Your task is to quote the listing below exactly, beginning with its first line and ending on the line bearing "Q w \<longleftrightarrow> (\<exists>i".

++++++++

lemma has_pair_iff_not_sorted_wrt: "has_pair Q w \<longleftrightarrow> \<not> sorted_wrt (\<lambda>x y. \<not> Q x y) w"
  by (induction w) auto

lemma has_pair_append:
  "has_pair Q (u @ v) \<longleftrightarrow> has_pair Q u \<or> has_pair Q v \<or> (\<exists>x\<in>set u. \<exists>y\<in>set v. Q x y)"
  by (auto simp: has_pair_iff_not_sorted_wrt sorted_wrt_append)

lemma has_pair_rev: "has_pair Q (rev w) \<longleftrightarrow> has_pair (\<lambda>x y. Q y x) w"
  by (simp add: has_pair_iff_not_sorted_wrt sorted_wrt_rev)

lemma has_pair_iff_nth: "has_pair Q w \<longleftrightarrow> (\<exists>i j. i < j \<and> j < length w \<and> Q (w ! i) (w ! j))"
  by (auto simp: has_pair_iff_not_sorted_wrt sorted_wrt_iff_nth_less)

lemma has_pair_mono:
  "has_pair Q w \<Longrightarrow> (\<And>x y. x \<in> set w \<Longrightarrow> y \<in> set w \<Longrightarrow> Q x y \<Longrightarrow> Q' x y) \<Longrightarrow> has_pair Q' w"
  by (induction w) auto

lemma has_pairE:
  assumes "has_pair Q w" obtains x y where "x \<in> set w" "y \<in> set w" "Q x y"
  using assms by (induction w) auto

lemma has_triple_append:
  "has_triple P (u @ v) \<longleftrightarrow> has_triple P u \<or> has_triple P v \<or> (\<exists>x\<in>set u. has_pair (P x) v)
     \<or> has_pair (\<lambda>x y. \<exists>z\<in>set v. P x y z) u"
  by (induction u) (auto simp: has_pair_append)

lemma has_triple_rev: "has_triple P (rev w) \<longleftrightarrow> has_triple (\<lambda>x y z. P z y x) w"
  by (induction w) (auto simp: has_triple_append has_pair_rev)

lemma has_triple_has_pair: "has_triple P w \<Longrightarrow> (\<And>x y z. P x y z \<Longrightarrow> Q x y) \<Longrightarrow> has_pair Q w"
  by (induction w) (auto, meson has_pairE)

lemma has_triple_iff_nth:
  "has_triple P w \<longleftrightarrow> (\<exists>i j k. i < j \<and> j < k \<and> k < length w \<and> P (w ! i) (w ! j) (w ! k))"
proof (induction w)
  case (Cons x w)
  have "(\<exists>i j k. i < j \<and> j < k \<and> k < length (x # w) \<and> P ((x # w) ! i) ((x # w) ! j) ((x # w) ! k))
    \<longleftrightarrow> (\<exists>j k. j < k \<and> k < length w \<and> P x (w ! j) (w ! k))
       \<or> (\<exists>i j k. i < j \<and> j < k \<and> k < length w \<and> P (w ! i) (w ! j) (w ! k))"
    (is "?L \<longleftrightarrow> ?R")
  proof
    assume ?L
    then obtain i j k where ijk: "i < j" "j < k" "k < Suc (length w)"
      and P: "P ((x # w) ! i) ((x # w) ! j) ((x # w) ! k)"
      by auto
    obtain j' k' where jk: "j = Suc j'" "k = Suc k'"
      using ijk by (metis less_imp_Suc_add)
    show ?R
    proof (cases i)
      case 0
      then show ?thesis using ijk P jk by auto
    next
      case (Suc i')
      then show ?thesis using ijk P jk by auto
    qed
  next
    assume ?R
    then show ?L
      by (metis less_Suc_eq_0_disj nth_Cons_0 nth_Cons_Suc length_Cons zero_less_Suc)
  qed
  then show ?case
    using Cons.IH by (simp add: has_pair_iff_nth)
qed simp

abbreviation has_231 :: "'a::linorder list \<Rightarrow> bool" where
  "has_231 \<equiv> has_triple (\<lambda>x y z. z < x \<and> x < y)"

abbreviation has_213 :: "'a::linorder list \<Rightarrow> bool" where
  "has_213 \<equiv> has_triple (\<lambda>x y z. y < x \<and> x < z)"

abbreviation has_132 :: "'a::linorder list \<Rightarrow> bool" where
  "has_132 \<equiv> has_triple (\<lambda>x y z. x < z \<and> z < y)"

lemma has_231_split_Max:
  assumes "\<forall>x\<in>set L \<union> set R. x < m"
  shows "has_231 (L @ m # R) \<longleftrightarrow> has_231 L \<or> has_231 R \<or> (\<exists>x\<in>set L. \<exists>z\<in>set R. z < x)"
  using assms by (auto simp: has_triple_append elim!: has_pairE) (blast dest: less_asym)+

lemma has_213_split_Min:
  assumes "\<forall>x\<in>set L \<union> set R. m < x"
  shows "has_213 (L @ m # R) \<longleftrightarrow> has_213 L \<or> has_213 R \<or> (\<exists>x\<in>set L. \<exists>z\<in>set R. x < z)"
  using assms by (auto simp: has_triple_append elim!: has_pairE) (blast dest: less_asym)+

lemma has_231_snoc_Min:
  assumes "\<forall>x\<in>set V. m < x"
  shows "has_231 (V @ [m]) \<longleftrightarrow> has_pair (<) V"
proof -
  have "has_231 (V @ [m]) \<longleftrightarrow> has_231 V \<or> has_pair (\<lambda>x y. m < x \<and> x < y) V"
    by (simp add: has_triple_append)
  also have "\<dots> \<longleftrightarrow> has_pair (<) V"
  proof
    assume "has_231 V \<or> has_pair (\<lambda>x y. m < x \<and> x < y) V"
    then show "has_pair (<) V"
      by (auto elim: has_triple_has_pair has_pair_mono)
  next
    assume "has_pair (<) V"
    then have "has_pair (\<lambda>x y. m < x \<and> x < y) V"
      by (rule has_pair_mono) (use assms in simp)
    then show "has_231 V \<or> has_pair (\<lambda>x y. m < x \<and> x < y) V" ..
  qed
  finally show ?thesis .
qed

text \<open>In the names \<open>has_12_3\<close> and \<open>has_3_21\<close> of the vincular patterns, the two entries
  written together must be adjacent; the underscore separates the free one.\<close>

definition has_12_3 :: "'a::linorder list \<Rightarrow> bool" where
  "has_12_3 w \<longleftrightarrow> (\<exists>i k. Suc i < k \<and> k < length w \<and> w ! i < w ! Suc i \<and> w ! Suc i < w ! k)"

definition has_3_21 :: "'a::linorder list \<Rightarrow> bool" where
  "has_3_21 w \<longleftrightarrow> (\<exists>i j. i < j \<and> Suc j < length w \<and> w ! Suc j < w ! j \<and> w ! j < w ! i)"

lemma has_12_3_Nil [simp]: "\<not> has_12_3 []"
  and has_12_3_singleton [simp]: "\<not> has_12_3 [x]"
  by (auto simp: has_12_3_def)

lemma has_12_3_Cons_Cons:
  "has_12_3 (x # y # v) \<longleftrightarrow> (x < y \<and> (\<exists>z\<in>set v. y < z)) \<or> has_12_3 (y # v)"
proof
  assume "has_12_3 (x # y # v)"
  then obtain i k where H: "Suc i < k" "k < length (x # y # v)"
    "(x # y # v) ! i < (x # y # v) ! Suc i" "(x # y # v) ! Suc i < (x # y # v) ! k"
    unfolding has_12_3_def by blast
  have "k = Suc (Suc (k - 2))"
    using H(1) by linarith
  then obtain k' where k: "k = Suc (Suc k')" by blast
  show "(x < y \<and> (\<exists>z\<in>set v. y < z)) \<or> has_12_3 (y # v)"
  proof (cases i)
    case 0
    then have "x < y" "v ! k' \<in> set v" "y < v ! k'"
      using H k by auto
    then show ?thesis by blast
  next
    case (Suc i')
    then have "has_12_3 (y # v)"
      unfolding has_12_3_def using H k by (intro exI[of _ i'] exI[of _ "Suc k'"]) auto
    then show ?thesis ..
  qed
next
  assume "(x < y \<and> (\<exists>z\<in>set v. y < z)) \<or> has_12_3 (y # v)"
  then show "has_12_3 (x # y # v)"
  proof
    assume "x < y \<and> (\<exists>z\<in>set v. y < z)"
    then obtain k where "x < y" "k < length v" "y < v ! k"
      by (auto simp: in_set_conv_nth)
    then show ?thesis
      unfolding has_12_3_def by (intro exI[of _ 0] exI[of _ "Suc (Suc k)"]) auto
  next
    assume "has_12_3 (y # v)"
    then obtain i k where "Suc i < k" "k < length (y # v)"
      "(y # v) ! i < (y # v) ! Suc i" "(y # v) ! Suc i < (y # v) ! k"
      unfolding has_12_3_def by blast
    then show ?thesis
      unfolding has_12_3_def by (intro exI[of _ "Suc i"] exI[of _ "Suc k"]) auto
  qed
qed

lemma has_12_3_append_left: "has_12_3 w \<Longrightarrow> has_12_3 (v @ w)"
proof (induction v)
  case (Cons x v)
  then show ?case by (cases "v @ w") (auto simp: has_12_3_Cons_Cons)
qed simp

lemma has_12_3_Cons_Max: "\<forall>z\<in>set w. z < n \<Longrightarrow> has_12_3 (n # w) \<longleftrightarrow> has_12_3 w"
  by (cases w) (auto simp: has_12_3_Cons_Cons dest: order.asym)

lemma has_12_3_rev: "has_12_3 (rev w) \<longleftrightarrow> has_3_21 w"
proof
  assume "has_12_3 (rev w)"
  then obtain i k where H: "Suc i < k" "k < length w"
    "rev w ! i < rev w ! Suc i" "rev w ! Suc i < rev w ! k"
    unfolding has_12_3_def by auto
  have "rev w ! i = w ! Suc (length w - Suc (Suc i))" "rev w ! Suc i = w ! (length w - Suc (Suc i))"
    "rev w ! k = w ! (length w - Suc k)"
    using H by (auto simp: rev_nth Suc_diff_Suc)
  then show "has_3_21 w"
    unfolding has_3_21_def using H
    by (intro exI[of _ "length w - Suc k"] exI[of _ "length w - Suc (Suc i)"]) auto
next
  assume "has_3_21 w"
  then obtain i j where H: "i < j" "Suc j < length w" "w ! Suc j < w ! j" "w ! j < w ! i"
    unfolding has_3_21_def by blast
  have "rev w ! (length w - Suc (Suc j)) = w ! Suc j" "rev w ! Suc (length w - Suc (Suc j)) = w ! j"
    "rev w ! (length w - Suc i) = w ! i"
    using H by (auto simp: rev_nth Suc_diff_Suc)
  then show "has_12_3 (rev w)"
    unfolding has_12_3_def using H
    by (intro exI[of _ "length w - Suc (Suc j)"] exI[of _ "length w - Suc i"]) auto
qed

++++++++

- Reply
lemma has_pair_iff_not_sorted_wrt: "has_pair Q w \<longleftrightarrow> \<not> sorted_wrt (\<lambda>x y. \<not> Q x y) w"
  by (induction w) auto

lemma has_pair_append:
  "has_pair Q (u @ v) \<longleftrightarrow> has_pair Q u \<or> has_pair Q v \<or> (\<exists>x\<in>set u. \<exists>y\<in>set v. Q x y)"
  by (auto simp: has_pair_iff_not_sorted_wrt sorted_wrt_append)

lemma has_pair_rev: "has_pair Q (rev w) \<longleftrightarrow> has_pair (\<lambda>x y. Q y x) w"
  by (simp add: has_pair_iff_not_sorted_wrt sorted_wrt_rev)

lemma has_pair_iff_nth: "has_pair Q w \<longleftrightarrow> (\<exists>i j. i < j \<and> j < length w \<and> Q (w ! i) (w ! j))"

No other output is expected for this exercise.